Blackwater also operated in New Orleans after the passing of Hurricane Katrina in 2005. There they worked under a federal contract and for millionaires who left the city before the storm passed. They were hired to protect their properties.

On the entry of U.S. security companies into Puerto Rico, Mercado, Ranger America’s vice president of operations, said, “We have signed service contracts with U.S. security firms that have hired us to in turn provide security to clients they have here in Puerto Rico… I would say there are large numbers (of companies), but we have seen hiring (of U.S. security companies) in the area of communications and in the hotel area. They are companies that we don’t really know about, they have no presence here in Puerto Rico, but they have come and we know they are serving some corporations and multinationals.”

The Daily Beast reported on looting in the capital and gangs with bats roaming the streets of San Juan. Similar to the lack of truckers of which many are trapped and victims of Hurricane Maria, it makes sense that local police officers also share that predicament. We know conditions on the island are rapidly deteriorating. Cash is only accepted on the island as ATM’s are not powered. People are in survival mode and security is critical. But the idea of Eric Prince getting contracts in Puerto Rico is unsettling none the less.

Incidents like these are common in the capital, where men carrying bats and clubs have been seen on the streets during curfew hours. The mayor of San Juan, Carmen Yulin Cruz, told WAPA Radio, “We highly advise everyone not to be on the streets at night. It is not safe,” warning that reports of looting are on the rise.
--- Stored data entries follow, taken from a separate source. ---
lemma integral_powr_cond_exp_diff_le_Linf:
  assumes "prob_space R" "subalgebra R F" "subalgebra R G" "1 \<le> r"
    "f \<in> borel_measurable R" "AE x in R. \<bar>f x\<bar> \<le> 1"
  shows "integrable R (\<lambda>x. \<bar>cond_exp_diff R F G f x\<bar> powr r)"
    "(\<integral>x. \<bar>cond_exp_diff R F G f x\<bar> powr r \<partial>R) \<le>
       2 powr (r - 1) * enn2real (cond_exp_diff_opnorm_inf_1 R F G)"
proof -
  interpret prob_space R by fact
  interpret sF: sigma_finite_subalgebra R F using prob_space_sigma_finite_subalgebra assms by auto
  interpret sG: sigma_finite_subalgebra R G using prob_space_sigma_finite_subalgebra assms by auto
  note [measurable] = assms(5)
  define h where "h = cond_exp_diff R F G f"
  define f' where "f' = (\<lambda>x. max (-1) (min 1 (f x)))"
  have f'm[measurable]: "f' \<in> borel_measurable R" unfolding f'_def by measurable
  have f'b: "\<forall>x\<in>space R. \<bar>f' x\<bar> \<le> 1" by (auto simp: f'_def)
  have "AE x in R. f x = f' x" using assms(6) by eventually_elim (auto simp: f'_def)
  hence h_eq: "AE x in R. h x = cond_exp_diff R F G f' x"
    using sF.real_cond_exp_cong[OF _ assms(5) f'm] sG.real_cond_exp_cong[OF _ assms(5) f'm]
    by (auto simp: h_def cond_exp_diff_def elim: AE_mp)
  have b2: "AE x in R. \<bar>cond_exp_diff R F G f' x\<bar> \<le> 2"
    using cond_exp_diff_abs_le_AE[OF assms(1-3) f'm, of 1] f'b by auto
  have hb: "AE x in R. \<bar>h x\<bar> powr r \<le> 2 powr (r - 1) * \<bar>cond_exp_diff R F G f' x\<bar>"
    using h_eq b2 by eventually_elim (use assms(4) in \<open>auto intro: abs_powr_le_bound_mult\<close>)
  show hri: "integrable R (\<lambda>x. \<bar>cond_exp_diff R F G f x\<bar> powr r)"
  proof (rule integrable_const_bound[of _ "2 powr r"])
    show "AE x in R. norm (\<bar>cond_exp_diff R F G f x\<bar> powr r) \<le> 2 powr r"
      using h_eq b2 by eventually_elim (use assms(4) in \<open>auto simp: h_def intro: powr_mono2\<close>)
  qed simp
  have ci: "integrable R (\<lambda>x. \<bar>cond_exp_diff R F G f' x\<bar>)"
    by (rule integrable_const_bound[of _ 2]) (use b2 in auto)
  have "(\<integral>x. \<bar>h x\<bar> powr r \<partial>R) \<le> (\<integral>x. 2 powr (r - 1) * \<bar>cond_exp_diff R F G f' x\<bar> \<partial>R)"
    by (rule integral_mono_AE[OF hri[folded h_def] _ hb]) (use ci in simp)
  also have "\<dots> = 2 powr (r - 1) * (\<integral>x. \<bar>cond_exp_diff R F G f' x\<bar> \<partial>R)" by simp
  also have "\<dots> \<le> 2 powr (r - 1) * (1 * enn2real (cond_exp_diff_opnorm_inf_1 R F G))"
    by (intro mult_left_mono integral_abs_cond_exp_diff_le[OF assms(1-3) f'm f'b]) auto
  finally show "(\<integral>x. \<bar>cond_exp_diff R F G f x\<bar> powr r \<partial>R) \<le>
      2 powr (r - 1) * enn2real (cond_exp_diff_opnorm_inf_1 R F G)"
    by (simp add: h_def)
qed

lemma integral_powr_clamp_tail_le:
  fixes f :: "'a \<Rightarrow> real" and r s M :: real
  assumes "1 \<le> r" "r < s" "0 < M" "f \<in> borel_measurable R" "integrable R (\<lambda>x. \<bar>f x\<bar> powr s)"
  shows "integrable R (\<lambda>x. \<bar>f x - max (- M) (min M (f x))\<bar> powr r)"
    "(\<integral>x. \<bar>f x - max (- M) (min M (f x))\<bar> powr r \<partial>R) \<le> M powr (r - s) * (\<integral>x. \<bar>f x\<bar> powr s \<partial>R)"
proof -
  note [measurable] = assms(4)
  have bound: "\<bar>f x - max (- M) (min M (f x))\<bar> powr r \<le> M powr (r - s) * \<bar>f x\<bar> powr s" for x
    using abs_clamp_tail_powr_le[OF assms(1-3)] .
  show int: "integrable R (\<lambda>x. \<bar>f x - max (- M) (min M (f x))\<bar> powr r)"
    by (rule Bochner_Integration.integrable_bound[OF integrable_mult_right[OF assms(5), of "M powr (r - s)"]])
       (use bound in auto)
  have "(\<integral>x. \<bar>f x - max (- M) (min M (f x))\<bar> powr r \<partial>R) \<le> (\<integral>x. M powr (r - s) * \<bar>f x\<bar> powr s \<partial>R)"
    by (rule integral_mono[OF int]) (use assms(5) bound in auto)
  thus "(\<integral>x. \<bar>f x - max (- M) (min M (f x))\<bar> powr r \<partial>R) \<le> M powr (r - s) * (\<integral>x. \<bar>f x\<bar> powr s \<partial>R)"
    by simp
qed

lemma integral_powr_real_cond_exp_clamp_tail_le:
  fixes f :: "'a \<Rightarrow> real"
  assumes "prob_space R" "subalgebra R F" "1 \<le> r" "r < s" "0 < M"
    "f \<in> borel_measurable R" "integrable R (\<lambda>x. \<bar>f x\<bar> powr s)" "(\<integral>x. \<bar>f x\<bar> powr s \<partial>R) \<le> 1"
  defines "fb \<equiv> \<lambda>x. f x - max (- M) (min M (f x))"
  shows "integrable R (\<lambda>x. \<bar>real_cond_exp R F fb x\<bar> powr r)"
    "(\<integral>x. \<bar>real_cond_exp R F fb x\<bar> powr r \<partial>R) \<le> M powr (r - s)"
proof -
  interpret prob_space R by fact
  note [measurable] = assms(6)
  have "integrable R f"
    by (rule integrable_of_integrable_abs_powr[OF assms(1,6) _ assms(7)]) (use assms(3,4) in simp)
  moreover have "integrable R (\<lambda>x. max (- M) (min M (f x)))"
    by (rule integrable_const_bound[of _ M]) (use assms(5) in auto)
  ultimately have fbi: "integrable R fb" unfolding fb_def by auto
  have fbri: "integrable R (\<lambda>x. \<bar>fb x\<bar> powr r)"
    and fbr: "(\<integral>x. \<bar>fb x\<bar> powr r \<partial>R) \<le> M powr (r - s)"
    using integral_powr_clamp_tail_le[OF assms(3-7)] mult_left_mono[OF assms(8), of "M powr (r - s)"]
    by (auto simp: fb_def)
  have "(\<lambda>x::real. \<bar>x\<bar> powr r) \<in> borel_measurable borel" by measurable
  note jensen = real_cond_exp_jensen_integral[OF assms(1,2) fbi fbri convex_on_abs_powr[OF assms(3)] this]
  show "integrable R (\<lambda>x. \<bar>real_cond_exp R F fb x\<bar> powr r)" by (rule jensen(1))
  show "(\<integral>x. \<bar>real_cond_exp R F fb x\<bar> powr r \<partial>R) \<le> M powr (r - s)" using jensen(2) fbr by simp
qed

lemma integral_powr_cond_exp_diff_le_Lp:
  assumes "prob_space R" "subalgebra R F" "subalgebra R G" "1 \<le> r" "r < s" "0 < M"
    "f \<in> borel_measurable R" "integrable R (\<lambda>x. \<bar>f x\<bar> powr s)" "(\<integral>x. \<bar>f x\<bar> powr s \<partial>R) \<le> 1"
  shows "integrable R (\<lambda>x. \<bar>cond_exp_diff R F G f x\<bar> powr r)"
    "(\<integral>x. \<bar>cond_exp_diff R F G f x\<bar> powr r \<partial>R) \<le>
       2 powr (r - 1) * ((2*M) powr (r - 1) * M * enn2real (cond_exp_diff_opnorm_inf_1 R F G)
         + 2 powr r * M powr (r - s))"
proof -
  interpret prob_space R by fact
  interpret sF: sigma_finite_subalgebra R F using prob_space_sigma_finite_subalgebra assms by auto
  interpret sG: sigma_finite_subalgebra R G using prob_space_sigma_finite_subalgebra assms by auto
  note [measurable] = assms(7)
  define c where "c = enn2real (cond_exp_diff_opnorm_inf_1 R F G)"
  define h where "h = cond_exp_diff R F G f"
  define fs where "fs = (\<lambda>x. max (-M) (min M (f x)))"
  define fb where "fb = (\<lambda>x. f x - max (- M) (min M (f x)))"
  define CF where "CF = real_cond_exp R F fb"
  define CG where "CG = real_cond_exp R G fb"
  have fsm[measurable]: "fs \<in> borel_measurable R" unfolding fs_def by measurable
  have fsb: "\<forall>x\<in>space R. \<bar>fs x\<bar> \<le> M" using assms(6) by (auto simp: fs_def)
  have fsi: "integrable R fs" by (rule integrable_const_bound[of _ M]) (use fsb in auto)
  have fbi: "integrable R fb"
    using integrable_of_integrable_abs_powr[OF assms(1,7) _ assms(8)] fsi assms(4,5)
    by (simp add: fb_def fs_def)
  note tail_F = integral_powr_real_cond_exp_clamp_tail_le[OF assms(1,2,4-9), folded fb_def]
  note tail_G = integral_powr_real_cond_exp_clamp_tail_le[OF assms(1,3,4-9), folded fb_def]
  have "AE x in R. h x = cond_exp_diff R F G fs x + (CF x - CG x)"
    using sF.real_cond_exp_add[OF fsi fbi] sG.real_cond_exp_add[OF fsi fbi]
    by eventually_elim (simp add: h_def cond_exp_diff_def CF_def CG_def fb_def fs_def)
  moreover have sb: "AE x in R. \<bar>cond_exp_diff R F G fs x\<bar> \<le> 2 * M"
    using cond_exp_diff_abs_le_AE[OF assms(1-3) fsm, of M] fsb by auto
  ultimately have hg: "AE x in R. \<bar>h x\<bar> powr r \<le> 2 powr (r - 1) * ((2*M) powr (r - 1) *
      \<bar>cond_exp_diff R F G fs x\<bar> + 2 powr (r - 1) * (\<bar>CF x\<bar> powr r + \<bar>CG x\<bar> powr r))"
    by eventually_elim (simp add: abs_powr_add_diff_le[OF assms(4)])
  have si: "integrable R (\<lambda>x. \<bar>cond_exp_diff R F G fs x\<bar>)"
    by (rule integrable_const_bound[of _ "2*M"]) (use sb in auto)
  have gi: "integrable R (\<lambda>x. 2 powr (r - 1) * ((2*M) powr (r - 1) *
      \<bar>cond_exp_diff R F G fs x\<bar> + 2 powr (r - 1) * (\<bar>CF x\<bar> powr r + \<bar>CG x\<bar> powr r)))"
    using si tail_F(1) tail_G(1) by (simp add: CF_def CG_def)
  show hri: "integrable R (\<lambda>x. \<bar>cond_exp_diff R F G f x\<bar> powr r)"
    by (rule Bochner_Integration.integrable_bound[OF gi]) (use hg in \<open>auto simp: h_def\<close>)
  have "(\<integral>x. \<bar>h x\<bar> powr r \<partial>R) \<le> 2 powr (r - 1) * ((2*M) powr (r - 1) *
      (\<integral>x. \<bar>cond_exp_diff R F G fs x\<bar> \<partial>R) +
      2 powr (r - 1) * ((\<integral>x. \<bar>CF x\<bar> powr r \<partial>R) + (\<integral>x. \<bar>CG x\<bar> powr r \<partial>R)))"
    using integral_mono_AE[OF hri[folded h_def] gi hg] si tail_F(1) tail_G(1)
    by (simp add: CF_def CG_def)
  also have "\<dots> \<le> 2 powr (r - 1) * ((2*M) powr (r - 1) * (M * c) +
      2 powr (r - 1) * (M powr (r - s) + M powr (r - s)))"
    using integral_abs_cond_exp_diff_le[OF assms(1-3) fsm fsb assms(6)] tail_F(2) tail_G(2)
    by (intro mult_left_mono add_mono) (auto simp: c_def CF_def CG_def)
  also have "\<dots> = 2 powr (r - 1) * ((2*M) powr (r - 1) * M * c + 2 powr r * M powr (r - s))"
    using powr_add[of 2 "r - 1" 1] by (simp add: algebra_simps)
  finally show "(\<integral>x. \<bar>cond_exp_diff R F G f x\<bar> powr r \<partial>R) \<le>
      2 powr (r - 1) * ((2*M) powr (r - 1) * M * enn2real (cond_exp_diff_opnorm_inf_1 R F G)
        + 2 powr r * M powr (r - s))"
    by (simp add: h_def c_def)
qed

lemma cond_exp_diff_opnorm_less:
  assumes "q \<noteq> \<infinity>" "r = enn2real q" "1 \<le> r" "0 < e" "0 \<le> \<beta>" "\<beta> < e powr r"
    and bound: "\<And>f. f \<in> borel_measurable R \<Longrightarrow> lp_norm R p f \<le> 1 \<Longrightarrow>
      integrable R (\<lambda>x. \<bar>cond_exp_diff R F G f x\<bar> powr r) \<and>
      (\<integral>x. \<bar>cond_exp_diff R F G f x\<bar> powr r \<partial>R) \<le> \<beta>"
  shows "cond_exp_diff_opnorm R p q F G < ennreal e"
proof -
  have "cond_exp_diff_opnorm R p q F G \<le> ennreal (\<beta> powr (1 / r))"
    unfolding cond_exp_diff_opnorm_def
  proof (rule SUP_least)
    fix f assume "f \<in> {f \<in> borel_measurable R. lp_norm R p f \<le> 1}"
    hence "lp_norm R q (cond_exp_diff R F G f) \<le> ennreal (\<beta> powr (1 / r))"
      using assms(1,3) bound[of f] unfolding assms(2) by (intro lp_norm_finite_le) auto
    thus "lp_norm R q (\<lambda>x. real_cond_exp R F f x - real_cond_exp R G f x) \<le> ennreal (\<beta> powr (1 / r))"
      by (simp add: cond_exp_diff_def)
  qed
  also have "\<beta> powr (1 / r) < (e powr r) powr (1 / r)"
    using assms(3,5,6) by (intro powr_less_mono2) auto
  hence "ennreal (\<beta> powr (1 / r)) < ennreal e"
    using assms(3,4) by (simp add: powr_powr ennreal_lessI)
  finally show ?thesis .
qed

lemma cond_exp_diff_opnorm_tendsto_0_Linf:
  assumes "prob_space R" "\<And>n. subalgebra R (B n)" "1 \<le> q" "q \<noteq> \<infinity>"
    "(\<lambda>n. cond_exp_diff_opnorm_inf_1 R (B n) (B 0)) \<longlonglongrightarrow> 0"
  shows "(\<lambda>n. cond_exp_diff_opnorm R \<infinity> q (B n) (B 0)) \<longlonglongrightarrow> 0"
proof (rule tendsto_zero_ennreal)
  fix e :: real assume e: "0 < e"
  define r where "r = enn2real q"
  have r1: "1 \<le> r" unfolding r_def using enn2real_ge_1[OF assms(3,4)] .
  define c where "c = (\<lambda>n. enn2real (cond_exp_diff_opnorm_inf_1 R (B n) (B 0)))"
  have "c \<longlonglongrightarrow> 0" unfolding c_def using tendsto_enn2real[of _ 0] assms(5) by simp
  hence "(\<lambda>n. 2 powr (r - 1) * c n) \<longlonglongrightarrow> 0" using tendsto_mult_right_zero by blast
  from order_tendstoD(2)[OF this, of "e powr r"]
  have "eventually (\<lambda>n. 2 powr (r - 1) * c n < e powr r) sequentially" using e by simp
  thus "eventually (\<lambda>n. cond_exp_diff_opnorm R \<infinity> q (B n) (B 0) < ennreal e) sequentially"
  proof eventually_elim
    case (elim n)
    show ?case
    proof (rule cond_exp_diff_opnorm_less[OF assms(4) r_def r1 e _ elim])
      fix f assume f: "f \<in> borel_measurable R" "lp_norm R \<infinity> f \<le> 1"
      thus "integrable R (\<lambda>x. \<bar>cond_exp_diff R (B n) (B 0) f x\<bar> powr r) \<and>
          (\<integral>x. \<bar>cond_exp_diff R (B n) (B 0) f x\<bar> powr r \<partial>R) \<le> 2 powr (r - 1) * c n"
        using integral_powr_cond_exp_diff_le_Linf[OF assms(1,2,2) r1 f(1) lp_norm_infinity_le_1D[OF f(2)]]
        by (simp add: c_def)
    qed (simp add: c_def)
  qed
qed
“That is definitely something I don’t want to hear. Especially when the only lighting I have during the night is candlelight,” said Bianca Nevarez, who lives in Bayamon, where the scenario is much more tense since 13 prisoners escaped while they were being transferred to another criminal facility after the Category 5 storm caused severe damage in the prison. “We have captured eight of them, so five are still on the loose,” Ramon Rosario, secretary of Public Affairs of La Fortaleza told The Daily Beast.

Rosario added that 21 arrests have been made across the metropolitan area as a result of those breaking the curfew, which now runs from 7 p.m. to 5 a.m. No expiration date has been set.

“We will leave it active until the emergency period that we are suffering settles,” said Governor Ricardo Rosselló, noting that anyone caught on the streets during curfew hours will face up to six months in prison.